Despite promises of security and privacy, no company in the current environment can claim to be able to protect data from all attackers, Kuznetsov. Businesses that think they will be able to monetize the customer information they collect may find that hackers and other malicious actors find a way to do so before the company does. “The fundamental reality is that you can’t have all this data in big databases connected to the Internet,” he said.

The solution? “Just don’t retain records,” Kuznetsov said. “This is like toxic waste. You have to clean it up – you’ll have far less exposure and far fewer problems if you don’t retain the data forever.”

(*) Digital Guardian is a sponsor of The Security Ledger. 

3 Comments

  1. “The solution? “Just don’t retain records,” Kuznetsov said. “This is like toxic waste. You have to clean it up – you’ll have far less exposure and far fewer problems if you don’t retain the data forever.””

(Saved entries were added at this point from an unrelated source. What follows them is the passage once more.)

definition inadmissible :: "nat \<Rightarrow> mono \<Rightarrow> bool" where
  "inadmissible m x \<longleftrightarrow> x \<in> Pmonos m \<and> (\<exists>Y. finite Y \<and> Y \<subseteq> Pmonos m \<and> (\<forall>y\<in>Y. mless m y x) \<and>
       mpoly x - (\<Sum>y\<in>Y. mpoly y) \<in> Aplus m)"

definition admissible :: "nat \<Rightarrow> mono \<Rightarrow> bool" where
  "admissible m x \<longleftrightarrow> x \<in> Pmonos m \<and> \<not> inadmissible m x"

definition wdeg :: "(nat \<Rightarrow> nat) \<Rightarrow> nat" where
  "wdeg w = (\<Sum>t\<in>{t. w t \<noteq> 0}. 2 ^ t * w t)"

definition Pw :: "nat \<Rightarrow> (nat \<Rightarrow> nat) \<Rightarrow> poly set" where
  "Pw m w = module.span scl {mpoly y | y. y \<in> Pmonos m \<and> mdeg m y = wdeg w \<and>
      (lexless (omega m y) w \<or> omega m y = w)}"

definition Pw_minus :: "nat \<Rightarrow> (nat \<Rightarrow> nat) \<Rightarrow> poly set" where
  "Pw_minus m w = module.span scl {mpoly y | y. y \<in> Pmonos m \<and> mdeg m y = wdeg w \<and>
      lexless (omega m y) w}"

text \<open>dim QP_m(w) = dim P_m(w) - dim of the subspace ((A^+P_m \<inter> P_m(w)) + P_m^-(w)),
  which is contained in P_m(w) (all finite dimensional).\<close>
definition dimQP :: "nat \<Rightarrow> (nat \<Rightarrow> nat) \<Rightarrow> nat" where
  "dimQP m w = vector_space.dim scl (Pw m w)
     - vector_space.dim scl (module.span scl ((Aplus m \<inter> Pw m w) \<union> Pw_minus m w))"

    Someone is clearly talking out of their ass again. Was this some canned response he meant to dole out drolly about someone who dropped a USB stick full of hospital records from 2007 but never got a chance to use? Active accounts require records. The problem here wasn’t data retention (certainly not ‘forever’ — and I’m against long-term data retention).

    What’s more the way the hack and data were ‘exposed’ is highly strange/unusual and outright contradictory. That’s probably the real story.

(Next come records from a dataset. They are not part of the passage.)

lemma smooth_on_matmul:
  fixes f g :: "'x::real_normed_vector \<Rightarrow> 'a::real_normed_field^'n^'n"
  assumes "open W" "smooth_on W f" "smooth_on W g"
  shows "smooth_on W (\<lambda>x. f x ** g x)"
  using smooth_on_bilinear[OF bounded_bilinear_matmul assms] by simp

lemma matrix_inv_both:
  fixes A :: "'a::field^'n^'n"
  assumes "invertible A"
  shows "A ** matrix_inv A = mat 1" "matrix_inv A ** A = mat 1"
proof -
  have "\<exists>A'. A ** A' = mat 1 \<and> A' ** A = mat 1" using assms unfolding invertible_def by blast
  then have "A ** matrix_inv A = mat 1 \<and> matrix_inv A ** A = mat 1"
    unfolding matrix_inv_def by (rule someI_ex)
  then show "A ** matrix_inv A = mat 1" "matrix_inv A ** A = mat 1" by auto
qed

lemma matrix_inv_unique:
  fixes A B :: "'a::field^'n^'n"
  assumes "A ** B = mat 1"
  shows "matrix_inv A = B"
proof -
  have inv: "invertible A" using assms invertible_right_inverse by blast
  have "matrix_inv A = matrix_inv A ** (A ** B)" using assms by simp
  also have "\<dots> = B" by (simp add: matrix_mul_assoc matrix_inv_both(2)[OF inv])
  finally show ?thesis .
qed

lemma matrix_inv_1[simp]: "matrix_inv (mat 1 :: 'a::field^'n^'n) = mat 1"
  by (rule matrix_inv_unique) simp

lemma matrix_inv_mult:
  fixes A B :: "'a::field^'n^'n"
  assumes "invertible A" "invertible B"
  shows "matrix_inv (A ** B) = matrix_inv B ** matrix_inv A"
proof (rule matrix_inv_unique)
  have "A ** B ** (matrix_inv B ** matrix_inv A) = A ** (B ** matrix_inv B) ** matrix_inv A"
    by (simp add: matrix_mul_assoc)
  also have "\<dots> = mat 1" using matrix_inv_both[OF assms(1)] matrix_inv_both[OF assms(2)] by simp
  finally show "A ** B ** (matrix_inv B ** matrix_inv A) = mat 1" .
qed

text \<open>The invertible matrices form an open set, being the non-vanishing set of the determinant.\<close>

lemma open_invertible: "open {A::'a::real_normed_field^'n^'n. invertible A}"
proof -
  have entry: "continuous_on UNIV (\<lambda>A::'a^'n^'n. A$i$j)" for i j
    by (intro linear_continuous_on bounded_linear_compose[OF bounded_linear_vec_nth bounded_linear_vec_nth])
  have "continuous_on UNIV (det :: 'a^'n^'n \<Rightarrow> 'a)"
    unfolding det_def[abs_def]
    by (intro continuous_on_sum continuous_on_mult continuous_on_const continuous_on_prod entry)
  from open_Collect_neq[OF this continuous_on_const, of 0] show ?thesis
    by (simp add: invertible_det_nz)
qed

lemma matrix_inv_perturb:
  fixes A H :: "'a::field^'n^'n"
  assumes "invertible A" "invertible (A + H)"
  shows "matrix_inv (A + H) - matrix_inv A = - (matrix_inv (A + H) ** H ** matrix_inv A)"
proof -
  let ?Q = "matrix_inv (A + H)" and ?B = "matrix_inv A"
  have "?Q ** H ** ?B = ?Q ** ((A + H) - A) ** ?B" by simp
  also have "\<dots> = ?Q ** (A + H) ** ?B - ?Q ** A ** ?B"
    by (simp only: matmul_diff_right matmul_diff_left)
  also have "\<dots> = ?B - ?Q"
    using matrix_inv_both[OF assms(1)] matrix_inv_both[OF assms(2)]
    by (simp add: matrix_mul_assoc[symmetric])
  finally show ?thesis by simp
qed

lemma norm_matrix_inv_perturb_le:
  fixes A H :: "'a::real_normed_field^'n^'n"
  defines "C \<equiv> real CARD('n)^3"
  assumes A: "invertible A" and AH: "invertible (A + H)"
    and small: "C^2 * norm H * norm (matrix_inv A) \<le> 1/2"
  shows "norm (matrix_inv (A + H)) \<le> 2 * norm (matrix_inv A)"
proof -
  let ?Q = "matrix_inv (A + H)" and ?B = "matrix_inv A"
  have C1: "C \<ge> 1" unfolding C_def by simp
  have nm: "norm (X ** Y) \<le> C * norm X * norm Y" for X Y :: "'a^'n^'n"
    unfolding C_def by (rule norm_matmul_le)
  have "?Q = ?B - ?Q ** H ** ?B" using matrix_inv_perturb[OF A AH] by (simp add: algebra_simps)
  then have "norm ?Q \<le> norm ?B + norm (?Q ** H ** ?B)" by (metis norm_triangle_ineq4)
  also have "norm (?Q ** H ** ?B) \<le> C * norm (?Q ** H) * norm ?B" using nm by simp
  also have "\<dots> \<le> C * (C * norm ?Q * norm H) * norm ?B"
    using nm[of ?Q H] C1 by (intro mult_right_mono mult_left_mono) auto
  finally have "norm ?Q \<le> norm ?B + (C^2 * norm H * norm ?B) * norm ?Q"
    by (simp add: power2_eq_square mult_ac)
  also have "\<dots> \<le> norm ?B + (1/2) * norm ?Q" using small by (intro add_left_mono mult_right_mono) auto
  finally show ?thesis by simp
qed

lemma matrix_inv_remainder_le:
  fixes A :: "'a::real_normed_field^'n^'n"
  assumes A: "invertible A"
  obtains \<delta> K where "\<delta> > 0"
    "\<And>H. norm H < \<delta> \<Longrightarrow>
       norm (matrix_inv (A + H) - matrix_inv A - - (matrix_inv A ** H ** matrix_inv A)) \<le> K * norm H * norm H"
proof -
  define C where "C = real CARD('n)^3"
  define b where "b = norm (matrix_inv A)"
  have C1: "C \<ge> 1" and b0: "b \<ge> 0" by (simp_all add: C_def b_def)
  have nm: "norm (X ** Y) \<le> C * norm X * norm Y" for X Y :: "'a^'n^'n"
    unfolding C_def by (rule norm_matmul_le)
  obtain e where e: "e > 0" and eb: "\<And>X. dist X A < e \<Longrightarrow> invertible X"
    using open_invertible[where 'a='a and 'n='n] A unfolding open_dist by blast
  define \<delta> where "\<delta> = min e (1 / (2 * C^2 * (b + 1)))"
  show ?thesis
  proof (rule that[of \<delta> "2 * C^4 * b^3"])
    show "\<delta> > 0" using e C1 b0 by (simp add: \<delta>_def)
    fix H :: "'a^'n^'n" assume H: "norm H < \<delta>"
    let ?Q = "matrix_inv (A + H)" and ?B = "matrix_inv A" and ?h = "norm H"
    have AH: "invertible (A + H)" using H by (intro eb) (simp add: dist_norm \<delta>_def)
    have pos: "2 * C^2 * (b + 1) > 0" using C1 b0 by simp
    have "?h < 1 / (2 * C^2 * (b + 1))" using H by (simp add: \<delta>_def)
    then have "?h * (2 * C^2 * (b + 1)) \<le> 1" using pos by (simp add: less_divide_eq)
    moreover have "C^2 * ?h * b \<le> C^2 * ?h * (b + 1)" by (intro mult_left_mono) auto
    moreover have "C^2 * ?h * (b + 1) = ?h * (2 * C^2 * (b + 1)) / 2" by simp
    ultimately have "C^2 * ?h * b \<le> 1/2" by linarith
    then have Qb: "norm ?Q \<le> 2 * b"
      using norm_matrix_inv_perturb_le[OF A AH] by (simp add: C_def b_def)
    have QB: "?B - ?Q = ?Q ** H ** ?B" using matrix_inv_perturb[OF A AH] by (metis minus_diff_eq minus_minus)
    have "?Q - ?B - - (?B ** H ** ?B) = ?B ** H ** ?B - ?Q ** H ** ?B"
      using matrix_inv_perturb[OF A AH] by (simp add: algebra_simps)
    also have "\<dots> = (?B - ?Q) ** H ** ?B" by (simp add: matmul_diff_left)
    also have "\<dots> = ?Q ** H ** ?B ** H ** ?B" by (simp only: QB)
    finally have eq: "?Q - ?B - - (?B ** H ** ?B) = ?Q ** H ** ?B ** H ** ?B" .
    have "norm (?Q ** H ** ?B ** H ** ?B) \<le> C * norm (?Q ** H ** ?B ** H) * b" using nm by (simp add: b_def)
    also have "\<dots> \<le> C * (C * norm (?Q ** H ** ?B) * ?h) * b"
      using nm[of "?Q ** H ** ?B" H] C1 b0 by (intro mult_right_mono mult_left_mono) auto
    also have "\<dots> \<le> C * (C * (C * norm (?Q ** H) * b) * ?h) * b"
      using nm[of "?Q ** H" ?B] C1 b0 by (intro mult_right_mono mult_left_mono) (auto simp: b_def)
    also have "\<dots> \<le> C * (C * (C * (C * norm ?Q * ?h) * b) * ?h) * b"
      using nm[of ?Q H] C1 b0 by (intro mult_right_mono mult_left_mono) auto
    also have "\<dots> = C^4 * norm ?Q * b^2 * ?h^2" by (simp add: power2_eq_square power4_eq_xxxx ac_simps)
    also have "\<dots> \<le> C^4 * (2 * b) * b^2 * ?h^2"
      using Qb C1 by (intro mult_right_mono mult_left_mono) auto
    also have "\<dots> = 2 * C^4 * b^3 * ?h * ?h" by (simp add: power2_eq_square power3_eq_cube ac_simps)
    finally show "norm (?Q - ?B - - (?B ** H ** ?B)) \<le> 2 * C^4 * b^3 * ?h * ?h" using eq by simp
  qed
qed

lemma has_derivative_matrix_inv:
  fixes A :: "'a::real_normed_field^'n^'n"
  assumes A: "invertible A"
  shows "(matrix_inv has_derivative (\<lambda>H. - (matrix_inv A ** H ** matrix_inv A))) (at A)"
  unfolding has_derivative_at
proof
  show "bounded_linear (\<lambda>H. - (matrix_inv A ** H ** matrix_inv A))"
    by (intro bounded_linear_minus bounded_linear_compose[OF mm.bounded_linear_left mm.bounded_linear_right])
  obtain \<delta> K where \<delta>: "\<delta> > 0" and rem: "\<And>H. norm H < \<delta> \<Longrightarrow>
      norm (matrix_inv (A + H) - matrix_inv A - - (matrix_inv A ** H ** matrix_inv A)) \<le> K * norm H * norm H"
    using matrix_inv_remainder_le[OF A] by blast
  have ev: "eventually (\<lambda>H. norm H < \<delta> \<and> H \<noteq> 0) (at (0::'a^'n^'n))"
    unfolding eventually_at by (rule exI[of _ \<delta>]) (auto simp: \<delta> dist_norm)
  show "(\<lambda>H. norm (matrix_inv (A + H) - matrix_inv A - - (matrix_inv A ** H ** matrix_inv A)) / norm H) \<midarrow>0\<rightarrow> 0"
  proof (rule tendsto_sandwich[of "\<lambda>_. 0" _ _ "\<lambda>H. K * norm H"])
    show "\<forall>\<^sub>F H in at 0. norm (matrix_inv (A + H) - matrix_inv A - - (matrix_inv A ** H ** matrix_inv A)) / norm H \<le> K * norm H"
      using ev by eventually_elim (use rem in \<open>auto simp: divide_le_eq mult_ac\<close>)
    show "((\<lambda>H. K * norm H) \<longlongrightarrow> 0) (at (0::'a^'n^'n))"
      by (auto intro!: tendsto_eq_intros)
  qed auto
qed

    This is like a who’s-who of potential sponsors, Paul. I like your site, but I’m kind of cringing.

  2. Philip Schlesinger

    From that pastebin: “We are also releasing…executives’ google drives…” [sic]

    I would hope that this meant that the attackers got to those Google Drives because those Google Drives were directories on a compromised Ashley Madison computer or the executives Google accounts used a duplicate password and also did not have two-factor authentication. I’m hoping that the attackers have not figured out how to compromise Google’s security. Paul, would you please investigate/comment?

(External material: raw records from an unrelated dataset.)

lemma has_alt_path_arc_T_P2_after:
  assumes arc: "(v, hd P2) \<in> E" and T: "T = C @ v # D"
    and X: "X \<subseteq> set T - {p}" "X \<noteq> {}" and CX: "set (C @ [v]) \<inter> X = {}"
  shows "has_alt_path V E b {p, q} X"
proof -
  have "set D \<inter> X \<noteq> {}"
    using X CX T by auto
  then obtain A x B where T': "T = (C @ [v]) @ A @ x # B" and x: "x \<in> X"
    and A: "set A \<inter> X = {}" and p: "p \<notin> set ((C @ [v]) @ A @ [x])"
    using T_split_at_first[of X "C @ [v]" D] X T by auto
  have Z: "dpath V E (v # A @ [x])"
    using dpath_T_segment[of C "v # A @ [x]" B] T' by simp
  have v: "v \<notin> set (A @ [x])"
    using distinct_T T' by auto
  have W: "dpath V E ([v] @ P2 @ [q])"
    by (rule dpath_append) (use arc dpath_P2_q P2_nonempty T T_P2_disjoint q_notin_P1 T_subset_V in auto)
  show ?thesis
  proof (rule has_alt_path_two[OF W Z])
    show "b \<le> plen ([v] @ P2 @ [q])"
      using P2_long by (simp add: plen_def)
    show "set ([v] @ P2 @ [q]) \<inter> set (tl (v # A @ [x])) = {}"
      using v T' T_P2_disjoint q_notin_P1 by auto
    show "(set ([v] @ P2 @ [q]) \<union> set (v # A @ [x])) \<inter> {p, q} = {last ([v] @ P2 @ [q])}"
      using p p_notin_P2 by auto
    show "(set ([v] @ P2 @ [q]) \<union> set (v # A @ [x])) \<inter> X = {last (v # A @ [x])}"
      using x A X CX T_P2_disjoint q_notin_P1 by auto
  qed simp
qed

    • Philip, I am not Paul, nor do I have any connection to this site (I figure that’s obvious), but I hope you don’t mind if I chime in.

      Having done quite a bit of research on post-breach analysis in general, the more likely scenario is that the ‘execs’ were sloppy with their passwords (leaving them in files, for example), the access was sniffed, or the data itself was just collected while the drives were connected. If one is to believe the attackers’ pastebin, then they had access for years. Sniffing (perhaps with compromised binaries) is far more common and easy than compromising Google, on principle; so would, in the case of two-factor auth, just waiting and piggybacking in on the access.

      That’s my theory, if it is an *outsider*. But it’s probably not a great idea for any of us to theorise on this stuff until more facts come out — it could very well have been an inside job. And there are aspects about that pastebin post which suggest something like ‘personal slight’. A good question to ask: Why do things publicly? It’s like someone’s been taking hints from the Sony case, IMHO.